The one we’re interested in here is pt-query-digest
It has tons of options and you should read the documentation, but here’s a few I’ve used recently.
Lets say you want to get the top tables queried from your tcpdump
% tcpdump -r mycapture.cap -n -x -q -tttt | pt-query-digest --type tcpdump --group-by tables --order-by Query_time:cnt \ --report-format profile --limit 5 reading from file mycapture.cap, link-type EN10MB (Ethernet) # Profile # Rank Query ID Response time Calls R/Call Apdx V/M Item # ==== ======== ============= ===== ====== ==== ===== ==================== # 1 0x 0.3140 6.1% 674 0.0005 1.00 0.00 shard.images # 2 0x 0.8840 17.1% 499 0.0018 1.00 0.03 shard.activity # 3 0x 0.1575 3.1% 266 0.0006 1.00 0.00 shard.listing_images # 4 0x 0.1680 3.3% 265 0.0006 1.00 0.00 shard.connection_edges_reverse # 5 0x 0.0598 1.2% 254 0.0002 1.00 0.00 shard.listing_translations # MISC 0xMISC 3.5771 69.3% 3534 0.0010 NS 0.0 <86 ITEMS>
Note the tcpdump options I used this time, which the tool requires to work properly when passing –type tcpdump. I also grouped by tables (as opposed to full queries) and ordered by the count (the Calls column). It will stop at your –limit and group the rest into MISC so be aware of that.

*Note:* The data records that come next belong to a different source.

lemma norming_graph_extension_constant:
  assumes G: "norming_graph w G"
  obtains c where "\<And>y a. (y, a) \<in> G \<Longrightarrow> a - norm (y - x0) \<le> c"
    and "\<And>z b. (z, b) \<in> G \<Longrightarrow> c \<le> norm (z + x0) - b"
proof -
  have key: "a - norm (y - x0) \<le> norm (z + x0) - b" if ya: "(y, a) \<in> G" and zb: "(z, b) \<in> G" for y a z b
  proof -
    have "a + b \<le> norm ((y - x0) + (z + x0))"
      using norming_graphD(4)[OF G norming_graphD(2)[OF G ya zb]] by simp
    also have "\<dots> \<le> norm (y - x0) + norm (z + x0)" by (rule norm_triangle_ineq)
    finally show ?thesis by simp
  qed
  define L where "L = {a - norm (y - x0) | y a. (y, a) \<in> G}"
  have wG: "(w, norm w) \<in> G" by (rule norming_graphD(5)[OF G])
  have L_nonempty: "L \<noteq> {}" using wG unfolding L_def by blast
  have L_bdd: "bdd_above L"
  proof (rule bdd_aboveI)
    fix l assume "l \<in> L"
    then show "l \<le> norm (w + x0) - norm w" using key[OF _ wG] unfolding L_def by blast
  qed
  show ?thesis
  proof (rule that[of "Sup L"])
    show "a - norm (y - x0) \<le> Sup L" if "(y, a) \<in> G" for y a
      by (rule cSup_upper[OF _ L_bdd]) (use that in \<open>auto simp: L_def\<close>)
    show "Sup L \<le> norm (z + x0) - b" if zb: "(z, b) \<in> G" for z b
    proof (rule cSup_least[OF L_nonempty])
      fix l assume "l \<in> L"
      then show "l \<le> norm (z + x0) - b" using key[OF _ zb] unfolding L_def by blast
    qed
  qed
qed

lemma norming_graph_extension_dominated:
  assumes G: "norming_graph w G" and y: "(y, a) \<in> G"
    and below: "\<And>y a. (y, a) \<in> G \<Longrightarrow> a - norm (y - x0) \<le> c"
    and above: "\<And>z b. (z, b) \<in> G \<Longrightarrow> c \<le> norm (z + x0) - b"
  shows "a + t * c \<le> norm (y + t *\<^sub>R x0)"
proof -
  have scaled: "((1 / s) *\<^sub>R y, (1 / s) * a) \<in> G" for s
    by (rule norming_graphD(3)[OF G y])
  consider "t = 0" | "t > 0" | "t < 0" by linarith
  then show ?thesis
  proof cases
    case 1
    then show ?thesis using norming_graphD(4)[OF G y] by simp
  next
    case 2
    have "t * c \<le> t * (norm ((1 / t) *\<^sub>R y + x0) - (1 / t) * a)"
      using above[OF scaled] 2 by (intro mult_left_mono) auto
    moreover have "t * norm ((1 / t) *\<^sub>R y + x0) = norm (t *\<^sub>R ((1 / t) *\<^sub>R y + x0))"
      using 2 by simp
    moreover have "t *\<^sub>R ((1 / t) *\<^sub>R y + x0) = y + t *\<^sub>R x0"
      using 2 by (simp add: algebra_simps)
    ultimately show ?thesis using 2 by (simp add: algebra_simps)
  next
    case 3
    have "(-t) * ((1 / -t) * a - norm ((1 / -t) *\<^sub>R y - x0)) \<le> (-t) * c"
      using below[OF scaled, of "-t"] 3 by (intro mult_left_mono) auto
    moreover have "(-t) * norm ((1 / -t) *\<^sub>R y - x0) = norm ((-t) *\<^sub>R ((1 / -t) *\<^sub>R y - x0))"
      using 3 by simp
    moreover have "(-t) *\<^sub>R ((1 / -t) *\<^sub>R y - x0) = y + t *\<^sub>R x0"
      using 3 by (simp add: algebra_simps)
    ultimately show ?thesis using 3 by (simp add: algebra_simps)
  qed
qed

lemma norming_graph_extension_unique:
  assumes G: "norming_graph w G" and x0: "x0 \<notin> Domain G"
    and y1: "(y1, a1) \<in> G" and y2: "(y2, a2) \<in> G" and eq: "y1 + t1 *\<^sub>R x0 = y2 + t2 *\<^sub>R x0"
  shows "t1 = t2" "y1 = y2"
proof -
  show "t1 = t2"
  proof (rule ccontr)
    assume ne: "t1 \<noteq> t2"
    have "(y1 - y2, a1 - a2) \<in> G"
      using norming_graphD(2)[OF G y1 norming_graphD(3)[OF G y2, of "-1"]] by simp
    then have "((1 / (t2 - t1)) *\<^sub>R (y1 - y2), (1 / (t2 - t1)) * (a1 - a2)) \<in> G"
      by (rule norming_graphD(3)[OF G])
    moreover have "y1 - y2 = (t2 - t1) *\<^sub>R x0"
      using eq by (simp add: algebra_simps)
    then have "(1 / (t2 - t1)) *\<^sub>R (y1 - y2) = x0"
      using ne by simp
    ultimately show False using x0 by (metis Domain.DomainI)
  qed
  then show "y1 = y2" using eq by simp
qed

You can remove the –order-by to sort by response time, which is the default sort order, or provide other attributes to sort on. We can also change the –report-format, for example to header:
% tcpdump -r mycapture.cap -n -x -q -tttt | pt-query-digest --type tcpdump --group-by tables --report-format header reading from file mycapture.cap, link-type EN10MB (Ethernet) # Overall: 5.49k total, 91 unique, 321.13 QPS, 0.30x concurrency _________ # Time range: 2012-01-08 15:52:05.814608 to 15:52:22.916873 # Attribute total min max avg 95% stddev median # ============ ======= ======= ======= ======= ======= ======= ======= # Exec time 5s 3us 114ms 939us 2ms 3ms 348us # Rows affecte 316 0 13 0.06 0.99 0.29 0 # Query size 3.64M 18 5.65k 694.98 1.09k 386.68 592.07 # Warning coun 0 0 0 0 0 0 0 # Boolean: # No index use 0% yes, 99% no
If you set the –report-format to query_report you will get gobs of verbose information that you can dive into and you can use the –filter option to do things like getting slow queries:
% tcpdump -r mycapture.cap -n -x -q -tttt | \ pt-query-digest --type tcpdump --filter '($event->{No_index_used} eq "Yes" || $event->{No_good_index_used} eq "Yes")'
Distributed Capture
Now that we’ve taken a look at capturing and analyzing packets from one host, its time to dive into looking at our results across the cluster. The main trick is that tcpdump provides no option to stop capturing – you have to explicitly kill it. Otherwise we’ll just use dsh to send our commands out. We’ll assume you have a user that can hop around in a password-less fashion using ssh keys – setting that up is well outside the scope of this article but there’s plenty of info out there on how to do that.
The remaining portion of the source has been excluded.